Mal-Mo-E: The Secret Mission is a 2019 South Korean historical comedy-drama film written and directed by Eom Yu-na. It was released on January 9, 2019. The title refers to an old Korean dialect word which roughly translates to "collecting vocabularies."

==Synopsis==
Imprisoned several times during the 1940s, when Korea was under Japanese occupation, Kim Pan-Soo is illiterate and does not know how to read or write Korean Hangul or any other language. The teaching of Korean in the schools is banned by the Imperial Japanese government. He meets a representative of the Korean Language Society and joins forces to publish a dictionary of the Korean language. The story is a fictional treatment of both the work of the Korean Language Society and the 1942 Korean Language Society Incident.

== Historical context ==
The film is based on historical events in Korea during the late 1930s to 1940s. When Korea was under Japanese Imperial rule, the Korean language was "demoted" in status and significance and eventually outright banned in 1938 in favor of the Japanese language. The characters were based on the real-life scholars and members of the Korean Language Society who continued working on the dictionary even after the ban was enforced. In 1942, more than thirty of the group were arrested and imprisoned by the Japanese and two died in prison. The Korean Language Society did not resume activities until Korea re-gained independence after Japan surrendered to the Allies in 1945.

== Reception ==
The film debuted on top of the South Korean box office, where it earned $8.96 million from 1.19 million admissions between Wednesday and Sunday.

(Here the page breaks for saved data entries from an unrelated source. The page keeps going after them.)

lemma sum_E_act_cubic_coeff:
  "(\<Sum>u<d. \<Sum>w<d. M u w * E_act u w (cubic_coeff d T) m) = cubic_coeff d (gl_tensor_act d M T) m"
proof -
  define X where "X u w a b c =
    (if a = u then T w b c else 0) + (if b = u then T a w c else 0) + (if c = u then T a b w else 0)"
    for u w a b c
  have gl: "(\<Sum>u<d. \<Sum>w<d. M u w * X u w a b c) = gl_tensor_act d M T a b c" if "a < d" "b < d" "c < d"
    for a b c
    using that by (simp add: X_def gl_tensor_act_def distrib_left sum.distrib sum_if_zero_distrib
        if_distrib[where f = "\<lambda>x. y * x" for y] cong: if_cong)
  have "(\<Sum>u<d. \<Sum>w<d. M u w * E_act u w (cubic_coeff d T) m)
      = (\<Sum>u<d. \<Sum>w<d. \<Sum>a<d. \<Sum>b<d. \<Sum>c<d. if {#a, b, c#} = m then M u w * X u w a b c else 0)"
    by (simp add: E_act_cubic_coeff X_def sum_distrib_left if_distrib[where f = "\<lambda>x. y * x" for y]
        cong: if_cong)
  also have "\<dots> = (\<Sum>u<d. \<Sum>a<d. \<Sum>b<d. \<Sum>c<d. \<Sum>w<d. if {#a, b, c#} = m then M u w * X u w a b c else 0)"
    by (rule sum.cong[OF refl], rule sum_swap_inward3)
  also have "\<dots> = (\<Sum>a<d. \<Sum>b<d. \<Sum>c<d. \<Sum>u<d. \<Sum>w<d. if {#a, b, c#} = m then M u w * X u w a b c else 0)"
    by (rule sum_swap_inward3)
  also have "\<dots> = cubic_coeff d (gl_tensor_act d M T) m"
    unfolding cubic_coeff_def by (intro sum.cong refl) (simp add: sum_if_zero_distrib gl)
  finally show ?thesis .
qed

lemma gl_tensor_act_sym3_eq_0:
  fixes v :: "nat \<Rightarrow> real" and A :: "nat \<Rightarrow> nat \<Rightarrow> real"
  defines "S p q \<equiv> A p q + A q p"
  assumes Mv: "\<And>p. p < d \<Longrightarrow> (\<Sum>w<d. M p w * v w) = 0"
    and MS_skew: "\<And>p q. p < d \<Longrightarrow> q < d \<Longrightarrow> (\<Sum>w<d. M p w * S w q) + (\<Sum>w<d. M q w * S w p) = 0"
    and abc: "a < d" "b < d" "c < d"
  shows "gl_tensor_act d M (sym3 (\<lambda>k p q. v k * A p q)) a b c = 0"
proof -
  let ?T = "sym3 (\<lambda>k p q. v k * A p q)"
  define MS where "MS p q = (\<Sum>w<d. M p w * S w q)" for p q
  have row: "(\<Sum>w<d. M p w * ?T w q r) = (v q * MS p r + v r * MS p q) / 6" if "p < d" for p q r
  proof -
    have "M p w * ?T w q r = M p w * v w * S q r / 6 + v q * (M p w * S w r) / 6 + v r * (M p w * S w q) / 6"
      for w
      by (simp add: sym3_def S_def field_simps)
    then have "(\<Sum>w<d. M p w * ?T w q r)
        = (\<Sum>w<d. M p w * v w) * S q r / 6 + v q * MS p r / 6 + v r * MS p q / 6"
      by (simp add: MS_def sum.distrib sum_distrib_left sum_distrib_right sum_divide_distrib)
    then show ?thesis
      using Mv[OF that] by (simp add: add_divide_distrib)
  qed
  have "?T a w c = ?T w a c" "?T a b w = ?T w a b" for w
    by (rule sym3_cong_mset, simp add: add_mset_commute)+
  then have "gl_tensor_act d M ?T a b c
      = (\<Sum>w<d. M a w * ?T w b c) + (\<Sum>w<d. M b w * ?T w a c) + (\<Sum>w<d. M c w * ?T w a b)"
    by (simp add: gl_tensor_act_def)
  also have "\<dots> = (v a * (MS b c + MS c b) + v b * (MS a c + MS c a) + v c * (MS a b + MS b a)) / 6"
    using abc by (simp only: row) (simp add: field_simps)
  also have "\<dots> = 0"
    using abc by (simp add: MS_def MS_skew)
  finally show ?thesis .
qed
lemma J_zero_null:
  assumes h1: "AE \<omega> in M. \<forall>t\<ge>0. ind_integral \<nu> (Gamma_minus X b) t \<omega> = 0"
    and h3: "AE \<omega> in M. \<forall>t\<ge>0. ind_integral \<nu> (Gamma_zero X b) t \<omega> = 0"
  shows "J_zero M X b \<in> null_sets M"
proof (rule complete2)
  let ?O = "\<Union>k. {\<omega>\<in>space M. approach_limit (sample_path \<omega>) < \<infinity> \<and> approach_point \<omega> \<le> real k \<and>
    (\<exists>n. approach_time (sample_path \<omega>) n = approach_limit (sample_path \<omega>)) \<and> Yp X b (approach_point \<omega>) \<omega> = 0}"
  show "premature_contact \<union> ?O \<in> null_sets M"
    using premature_contact_null[OF h1] jump_onto_barrier_null[OF h3] by (intro null_sets.Un null_sets_UN) auto
  show "J_zero M X b \<subseteq> premature_contact \<union> ?O"
  proof
    fix \<omega> assume J: "\<omega> \<in> J_zero M X b"
    show "\<omega> \<in> premature_contact \<union> ?O"
    proof (cases "\<omega> \<in> premature_contact")
      case False
      have \<omega>: "\<omega> \<in> space M" using J by (simp add: J_zero_def)
      interpret cadlag_below_zero "sample_path \<omega>" by (rule sample_path_below_zero[OF \<omega>])
      have eq: "approach_limit (sample_path \<omega>) = hit (sample_path \<omega>)"
        using False \<omega> by (intro approach_limit_eq_hit) simp
      have "hit (sample_path \<omega>) < \<infinity>" using J by (simp add: J_zero_def hit_time_eq_hit)
      then obtain r where r: "hit (sample_path \<omega>) = ereal r" by (rule hit_finite)
      have "\<not> creeping (sample_path \<omega>)"
        using creeping_iff_left_lim_hit[OF eq r] J r by (simp add: J_zero_def Y_tau_minus_eq)
      hence "\<exists>n. approach_time (sample_path \<omega>) n = approach_limit (sample_path \<omega>)"
        using eq r approach_time_le_limit[of "sample_path \<omega>"] by (auto simp: creeping_def order.order_iff_strict)
      moreover have "approach_point \<omega> = r" using eq r by (simp add: approach_point_def)
      moreover obtain k :: nat where "r \<le> real k" using real_arch_simple by blast
      ultimately show ?thesis using J eq r \<omega> by (auto simp: J_zero_def Y_tau_eq)
    qed simp
  qed
qed

lemma hit_finite_AE_iff:
  assumes h1: "AE \<omega> in M. \<forall>t\<ge>0. ind_integral \<nu> (Gamma_minus X b) t \<omega> = 0"
    and h2: "AE \<omega> in M. \<forall>t\<ge>0. ind_integral \<nu> (Gamma_plus X b) t \<omega> = 0"
    and h3: "AE \<omega> in M. \<forall>t\<ge>0. ind_integral \<nu> (Gamma_zero X b) t \<omega> = 0"
  shows "AE \<omega> in M. hit_time X b \<omega> < \<infinity> \<longleftrightarrow> \<omega> \<in> C_zero M X b \<union> J_plus M X b"
proof (rule AE_I'[OF null_sets.Un[OF C_plus_null[OF h1 h2] J_zero_null[OF h1 h3]]], rule subsetI)
  fix \<omega> assume "\<omega> \<in> {\<omega> \<in> space M. \<not> (hit_time X b \<omega> < \<infinity> \<longleftrightarrow> \<omega> \<in> C_zero M X b \<union> J_plus M X b)}"
  hence \<omega>: "\<omega> \<in> space M" and fin: "hit (sample_path \<omega>) < \<infinity>"
    and not_CJ: "\<omega> \<notin> C_zero M X b \<union> J_plus M X b"
    by (auto simp: C_zero_def J_plus_def hit_time_eq_hit)
  interpret cadlag_below_zero "sample_path \<omega>" by (rule sample_path_below_zero[OF \<omega>])
  obtain r where r: "hit (sample_path \<omega>) = ereal r" "0 < r" "0 \<le> Yp X b r \<omega>" using fin by (rule hit_finite)
  have "left_lim (sample_path \<omega>) r \<le> 0" by (rule left_lim_hit_nonpos[OF r(1,2)])
  thus "\<omega> \<in> C_plus M X b \<union> J_zero M X b"
    using \<omega> r not_CJ unfolding C_plus_def J_zero_def C_zero_def J_plus_def
    by (auto simp: hit_time_eq_hit Y_tau_minus_eq Y_tau_eq)
qed

lemma tau_L_eq_creeping_time:
  assumes "\<omega> \<in> space M - premature_contact"
  shows "tau_L M X b \<omega> = creeping_time \<omega>"
proof -
  have \<omega>: "\<omega> \<in> space M" using assms by simp
  have eq: "approach_limit (sample_path \<omega>) = hit (sample_path \<omega>)" by (rule approach_limit_eq_hit[OF assms])
  show ?thesis
  proof (cases "hit (sample_path \<omega>)")
    case (real r)
    have "\<omega> \<in> L_set M X b \<longleftrightarrow> creeping (sample_path \<omega>)"
      using cadlag_below_zero.creeping_iff_left_lim_hit[OF sample_path_below_zero[OF \<omega>] eq real] \<omega> real
      by (simp add: L_set_def hit_time_eq_hit Y_tau_minus_eq)
    thus ?thesis using eq by (simp add: tau_L_def creeping_time_def hit_time_eq_hit)
  next
    case PInf
    thus ?thesis using eq by (simp add: tau_L_def creeping_time_def L_set_def hit_time_eq_hit creeping_def)
  next
    case MInf
    thus ?thesis using hit_nonneg[of "sample_path \<omega>"] by simp
  qed
qed

lemma tau_L_predictable:
  assumes h1: "AE \<omega> in M. \<forall>t\<ge>0. ind_integral \<nu> (Gamma_minus X b) t \<omega> = 0"
  shows "predictable_time M F (tau_L M X b)"
proof (rule predictable_time_null_modification[OF _ premature_contact_null[OF h1] tau_L_eq_creeping_time])
  show "predictable_time M F creeping_time"
    using creeping_time_stopping_time stoch_from_creeping_time_predictable by (simp add: predictable_time_iff)
  show "0 \<le> tau_L M X b \<omega>" for \<omega>
    using hit_nonneg[of "sample_path \<omega>"] by (simp add: tau_L_def hit_time_eq_hit)
qed

lemma J_plus_at_predictable_time_null:
  assumes no_jump: "{\<omega>\<in>space M. \<sigma> \<omega> < \<infinity> \<and> jump (\<lambda>t. X t \<omega>) (real_of_ereal (\<sigma> \<omega>)) \<noteq> 0} \<in> null_sets M"
  shows "{\<omega>\<in>J_plus M X b. hit_time X b \<omega> = \<sigma> \<omega>} \<in> null_sets M"
proof (rule complete2[OF _ no_jump], rule subsetI)
  fix \<omega> assume "\<omega> \<in> {\<omega>\<in>J_plus M X b. hit_time X b \<omega> = \<sigma> \<omega>}"
  hence \<omega>: "\<omega> \<in> space M" and J: "\<omega> \<in> J_plus M X b" and \<sigma>: "hit (sample_path \<omega>) = \<sigma> \<omega>"
    by (auto simp: J_plus_def hit_time_eq_hit)
  interpret cadlag_below_zero "sample_path \<omega>" by (rule sample_path_below_zero[OF \<omega>])
  have "hit (sample_path \<omega>) < \<infinity>" using J by (simp add: J_plus_def hit_time_eq_hit)
  then obtain r where r: "hit (sample_path \<omega>) = ereal r" "0 < r" by (rule hit_finite)
  have "left_lim (sample_path \<omega>) r < 0" "0 < Yp X b r \<omega>"
    using J r by (simp_all add: J_plus_def Y_tau_minus_eq Y_tau_eq)
  hence "jump (\<lambda>t. X t \<omega>) r \<noteq> 0" using jump_eq_sample_path[OF \<omega> r(2)] by simp
  moreover have "\<sigma> \<omega> = ereal r" using \<sigma> r(1) by simp
  ultimately show "\<omega> \<in> {\<omega>\<in>space M. \<sigma> \<omega> < \<infinity> \<and> jump (\<lambda>t. X t \<omega>) (real_of_ereal (\<sigma> \<omega>)) \<noteq> 0}"
    using \<omega> by simp
qed

end

theorem corollary3p10:
  fixes M :: "'a measure" and F :: "real \<Rightarrow> 'a measure"
    and X :: "real \<Rightarrow> 'a \<Rightarrow> real" and b :: "real \<Rightarrow> real"
    and \<nu> :: "'a \<Rightarrow> (real \<times> real) measure"
  assumes filt: "usual_filtration M F"
    and semi: "semimartingale M F X"
    and b_cont: "continuous_on {0..} b"
    and start: "\<forall>\<omega>\<in>space M. X 0 \<omega> < b 0"
    and comp: "compensator M F X \<nu>"
    and h1: "AE \<omega> in M. \<forall>t\<ge>0. ind_integral \<nu> (Gamma_minus X b) t \<omega> = 0"
    and h2: "AE \<omega> in M. \<forall>t\<ge>0. ind_integral \<nu> (Gamma_plus X b) t \<omega> = 0"
    and h3: "AE \<omega> in M. \<forall>t\<ge>0. ind_integral \<nu> (Gamma_zero X b) t \<omega> = 0"
  shows "(AE \<omega> in M. \<forall>t\<ge>0. ereal t < hit_time X b \<omega> \<longrightarrow> (SUP s\<in>{0..t}. Yp X b s \<omega>) < 0)
    \<and> C_plus M X b \<in> null_sets M
    \<and> J_zero M X b \<in> null_sets M
    \<and> C_zero M X b \<inter> J_plus M X b = {}
    \<and> (AE \<omega> in M. hit_time X b \<omega> < \<infinity> \<longleftrightarrow> \<omega> \<in> C_zero M X b \<union> J_plus M X b)
    \<and> ((\<forall>\<sigma>. predictable_time M F \<sigma> \<longrightarrow>
          {\<omega>\<in>space M. \<sigma> \<omega> < \<infinity> \<and> jump (\<lambda>t. X t \<omega>) (real_of_ereal (\<sigma> \<omega>)) \<noteq> 0} \<in> null_sets M)
        \<longrightarrow> predictable_time M F (tau_L M X b) \<and>
            (\<forall>\<sigma>. predictable_time M F \<sigma> \<longrightarrow>
               {\<omega>\<in>J_plus M X b. hit_time X b \<omega> = \<sigma> \<omega>} \<in> null_sets M))"
proof -
  interpret barrier_crossing M F X \<nu> b
    using filt semi b_cont start comp by unfold_locales (simp_all add: semimartingale_def)
  have "C_zero M X b \<inter> J_plus M X b = {}" by (auto simp: C_zero_def J_plus_def)
  thus ?thesis
    using no_premature_left_contact[OF h1] C_plus_null[OF h1 h2] J_zero_null[OF h1 h3]
      hit_finite_AE_iff[OF h1 h2 h3] tau_L_predictable[OF h1] J_plus_at_predictable_time_null
    by blast
qed

end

Local reviews of the film were largely positive, with South Korean English-language newspaper The Korea Times commending the film for being able to tell "the same old story of these historical figures....but in a fashionable way".

== Movie Information ==

- On December 18, 2018, at the entrance of Lotte Cinema Konkuk University, the press preview of <Malmoi> was attended by director Eom Yu-na and the two main actors Yoo Hae-jin and Yoon Kye-sang.
- Mal-Mo-E, which was released on January 9, 2019 (Wednesday), was screened 4,853 times on 1077 screens on the opening day, and attracted 122,458 audiences. By the 13th (Sunday), the first weekend, 1.18 million viewers were received. The final theater audience is 2.8 million.